Exercise goal |
Your task is to copy each line in the listing that includes the word "auto".
Data supplied section start
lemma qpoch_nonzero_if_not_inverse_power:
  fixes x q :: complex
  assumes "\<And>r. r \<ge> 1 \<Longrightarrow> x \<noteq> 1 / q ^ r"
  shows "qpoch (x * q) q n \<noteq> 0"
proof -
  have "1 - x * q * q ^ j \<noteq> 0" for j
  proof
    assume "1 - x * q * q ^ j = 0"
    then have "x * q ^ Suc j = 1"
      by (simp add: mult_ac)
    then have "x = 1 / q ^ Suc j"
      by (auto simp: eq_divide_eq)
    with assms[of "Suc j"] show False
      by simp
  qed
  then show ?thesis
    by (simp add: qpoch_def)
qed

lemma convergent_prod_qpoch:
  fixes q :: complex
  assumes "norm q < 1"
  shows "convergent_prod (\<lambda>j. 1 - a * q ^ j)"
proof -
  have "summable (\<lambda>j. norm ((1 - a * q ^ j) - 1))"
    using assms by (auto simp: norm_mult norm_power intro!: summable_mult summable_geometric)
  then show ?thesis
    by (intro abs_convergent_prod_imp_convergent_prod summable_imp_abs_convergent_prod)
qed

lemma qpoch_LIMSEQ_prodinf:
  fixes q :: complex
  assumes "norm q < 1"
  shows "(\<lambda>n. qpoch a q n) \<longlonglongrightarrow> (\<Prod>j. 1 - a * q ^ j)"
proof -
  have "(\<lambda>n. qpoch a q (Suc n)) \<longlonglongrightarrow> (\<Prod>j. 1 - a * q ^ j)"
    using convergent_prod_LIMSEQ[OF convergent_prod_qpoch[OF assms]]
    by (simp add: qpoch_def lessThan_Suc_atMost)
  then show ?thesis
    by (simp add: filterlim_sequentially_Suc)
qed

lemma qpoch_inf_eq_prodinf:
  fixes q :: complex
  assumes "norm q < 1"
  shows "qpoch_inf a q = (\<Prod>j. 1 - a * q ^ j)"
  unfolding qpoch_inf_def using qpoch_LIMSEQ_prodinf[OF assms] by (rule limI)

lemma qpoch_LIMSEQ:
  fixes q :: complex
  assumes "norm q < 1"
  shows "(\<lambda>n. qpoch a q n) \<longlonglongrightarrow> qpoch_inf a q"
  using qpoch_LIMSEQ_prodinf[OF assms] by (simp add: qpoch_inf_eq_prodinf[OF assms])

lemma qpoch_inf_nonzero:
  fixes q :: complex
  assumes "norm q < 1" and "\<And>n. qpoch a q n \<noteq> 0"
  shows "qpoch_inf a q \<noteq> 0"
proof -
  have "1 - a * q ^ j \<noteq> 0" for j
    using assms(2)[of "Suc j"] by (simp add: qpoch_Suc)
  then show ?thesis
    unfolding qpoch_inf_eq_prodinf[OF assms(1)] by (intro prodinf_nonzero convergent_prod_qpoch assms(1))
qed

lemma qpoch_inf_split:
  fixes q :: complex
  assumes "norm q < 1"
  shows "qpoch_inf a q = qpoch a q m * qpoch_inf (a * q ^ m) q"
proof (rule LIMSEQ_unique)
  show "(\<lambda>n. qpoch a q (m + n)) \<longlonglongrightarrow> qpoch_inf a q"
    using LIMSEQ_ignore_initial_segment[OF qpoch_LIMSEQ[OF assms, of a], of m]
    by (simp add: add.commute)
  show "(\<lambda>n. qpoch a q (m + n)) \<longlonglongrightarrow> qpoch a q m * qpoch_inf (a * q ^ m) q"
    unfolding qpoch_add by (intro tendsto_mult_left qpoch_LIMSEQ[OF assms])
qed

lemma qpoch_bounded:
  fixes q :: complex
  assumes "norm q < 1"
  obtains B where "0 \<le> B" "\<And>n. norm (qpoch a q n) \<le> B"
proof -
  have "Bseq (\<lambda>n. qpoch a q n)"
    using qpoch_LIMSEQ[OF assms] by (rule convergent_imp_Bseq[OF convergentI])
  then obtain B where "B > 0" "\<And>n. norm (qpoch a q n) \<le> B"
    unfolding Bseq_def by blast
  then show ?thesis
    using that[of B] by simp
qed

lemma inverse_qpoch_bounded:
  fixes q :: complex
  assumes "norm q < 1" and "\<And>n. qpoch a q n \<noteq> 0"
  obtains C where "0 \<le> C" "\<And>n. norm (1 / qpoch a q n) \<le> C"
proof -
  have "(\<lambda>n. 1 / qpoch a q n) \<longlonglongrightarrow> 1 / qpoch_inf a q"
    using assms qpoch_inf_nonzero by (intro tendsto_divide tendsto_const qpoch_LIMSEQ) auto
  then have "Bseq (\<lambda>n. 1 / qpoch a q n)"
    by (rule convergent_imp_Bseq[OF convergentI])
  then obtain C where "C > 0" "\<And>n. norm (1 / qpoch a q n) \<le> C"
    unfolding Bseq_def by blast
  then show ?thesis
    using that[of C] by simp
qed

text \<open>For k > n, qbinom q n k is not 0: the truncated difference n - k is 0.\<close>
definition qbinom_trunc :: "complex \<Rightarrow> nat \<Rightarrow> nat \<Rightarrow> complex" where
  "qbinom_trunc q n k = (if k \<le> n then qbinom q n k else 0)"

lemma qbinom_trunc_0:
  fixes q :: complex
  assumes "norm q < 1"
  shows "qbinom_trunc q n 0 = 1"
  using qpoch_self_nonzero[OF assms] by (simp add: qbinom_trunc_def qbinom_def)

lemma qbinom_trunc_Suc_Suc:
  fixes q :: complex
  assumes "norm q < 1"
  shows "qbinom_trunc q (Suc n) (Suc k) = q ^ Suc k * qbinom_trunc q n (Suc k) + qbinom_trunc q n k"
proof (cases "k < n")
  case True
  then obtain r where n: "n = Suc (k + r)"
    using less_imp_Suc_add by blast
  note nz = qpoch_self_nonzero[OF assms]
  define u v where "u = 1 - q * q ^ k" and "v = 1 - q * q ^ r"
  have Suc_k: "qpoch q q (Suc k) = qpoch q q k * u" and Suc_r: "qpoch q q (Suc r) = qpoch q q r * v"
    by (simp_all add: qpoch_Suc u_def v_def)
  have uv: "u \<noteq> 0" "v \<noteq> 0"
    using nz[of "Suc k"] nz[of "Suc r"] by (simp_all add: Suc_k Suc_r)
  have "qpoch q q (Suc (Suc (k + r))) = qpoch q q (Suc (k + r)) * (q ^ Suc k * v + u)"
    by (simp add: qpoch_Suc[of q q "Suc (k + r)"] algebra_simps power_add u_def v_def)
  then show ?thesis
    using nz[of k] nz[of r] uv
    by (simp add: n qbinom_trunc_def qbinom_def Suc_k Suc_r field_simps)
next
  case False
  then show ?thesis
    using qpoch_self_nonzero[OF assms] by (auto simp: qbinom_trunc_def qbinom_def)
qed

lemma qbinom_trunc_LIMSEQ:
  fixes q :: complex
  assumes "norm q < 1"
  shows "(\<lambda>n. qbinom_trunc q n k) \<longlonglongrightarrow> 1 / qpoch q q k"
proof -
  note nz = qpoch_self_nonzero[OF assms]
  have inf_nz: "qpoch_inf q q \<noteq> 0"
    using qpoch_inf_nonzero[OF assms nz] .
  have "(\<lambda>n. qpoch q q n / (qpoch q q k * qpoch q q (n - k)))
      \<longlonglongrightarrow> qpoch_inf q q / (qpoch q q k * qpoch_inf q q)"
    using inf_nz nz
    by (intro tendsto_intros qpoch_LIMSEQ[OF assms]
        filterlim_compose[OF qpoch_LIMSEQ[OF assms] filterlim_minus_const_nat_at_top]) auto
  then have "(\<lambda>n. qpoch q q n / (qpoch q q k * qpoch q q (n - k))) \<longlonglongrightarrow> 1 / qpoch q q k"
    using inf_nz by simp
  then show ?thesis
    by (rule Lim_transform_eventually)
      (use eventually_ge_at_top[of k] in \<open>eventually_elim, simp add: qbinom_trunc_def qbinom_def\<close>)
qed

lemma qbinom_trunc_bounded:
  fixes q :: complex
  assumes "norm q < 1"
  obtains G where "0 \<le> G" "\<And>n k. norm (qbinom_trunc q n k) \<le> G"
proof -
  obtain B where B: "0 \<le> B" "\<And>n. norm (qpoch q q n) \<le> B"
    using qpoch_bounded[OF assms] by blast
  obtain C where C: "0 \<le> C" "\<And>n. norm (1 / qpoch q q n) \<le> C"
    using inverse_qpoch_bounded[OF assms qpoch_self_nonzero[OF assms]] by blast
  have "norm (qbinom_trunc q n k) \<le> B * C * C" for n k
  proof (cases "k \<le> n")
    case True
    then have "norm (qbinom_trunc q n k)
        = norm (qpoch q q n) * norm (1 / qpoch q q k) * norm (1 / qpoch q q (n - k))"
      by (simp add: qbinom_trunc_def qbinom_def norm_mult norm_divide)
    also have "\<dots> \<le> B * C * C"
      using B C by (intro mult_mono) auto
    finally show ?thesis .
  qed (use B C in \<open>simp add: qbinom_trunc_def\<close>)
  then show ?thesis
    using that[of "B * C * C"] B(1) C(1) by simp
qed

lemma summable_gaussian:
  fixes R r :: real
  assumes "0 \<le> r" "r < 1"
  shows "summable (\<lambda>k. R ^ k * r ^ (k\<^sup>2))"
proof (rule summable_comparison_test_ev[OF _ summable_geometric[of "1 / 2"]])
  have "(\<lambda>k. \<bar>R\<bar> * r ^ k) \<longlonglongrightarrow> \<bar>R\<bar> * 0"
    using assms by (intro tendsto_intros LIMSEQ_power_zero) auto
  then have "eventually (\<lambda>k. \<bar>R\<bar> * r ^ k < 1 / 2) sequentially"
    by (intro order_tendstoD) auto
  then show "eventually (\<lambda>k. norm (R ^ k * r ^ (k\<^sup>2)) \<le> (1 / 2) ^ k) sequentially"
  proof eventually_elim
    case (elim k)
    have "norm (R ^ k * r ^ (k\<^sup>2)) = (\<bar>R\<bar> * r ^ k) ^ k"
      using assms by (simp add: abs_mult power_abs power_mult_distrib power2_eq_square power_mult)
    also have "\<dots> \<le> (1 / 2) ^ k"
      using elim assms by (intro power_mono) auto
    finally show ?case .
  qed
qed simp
Data supplied section end
Exercise result |
      by (auto simp: eq_divide_eq)
    using assms by (auto simp: norm_mult norm_power intro!: summable_mult summable_geometric)
    using assms qpoch_inf_nonzero by (intro tendsto_divide tendsto_const qpoch_LIMSEQ) auto
    using qpoch_self_nonzero[OF assms] by (auto simp: qbinom_trunc_def qbinom_def)
        filterlim_compose[OF qpoch_LIMSEQ[OF assms] filterlim_minus_const_nat_at_top]) auto
      using B C by (intro mult_mono) auto
    using assms by (intro tendsto_intros LIMSEQ_power_zero) auto
    by (intro order_tendstoD) auto
      using elim assms by (intro power_mono) auto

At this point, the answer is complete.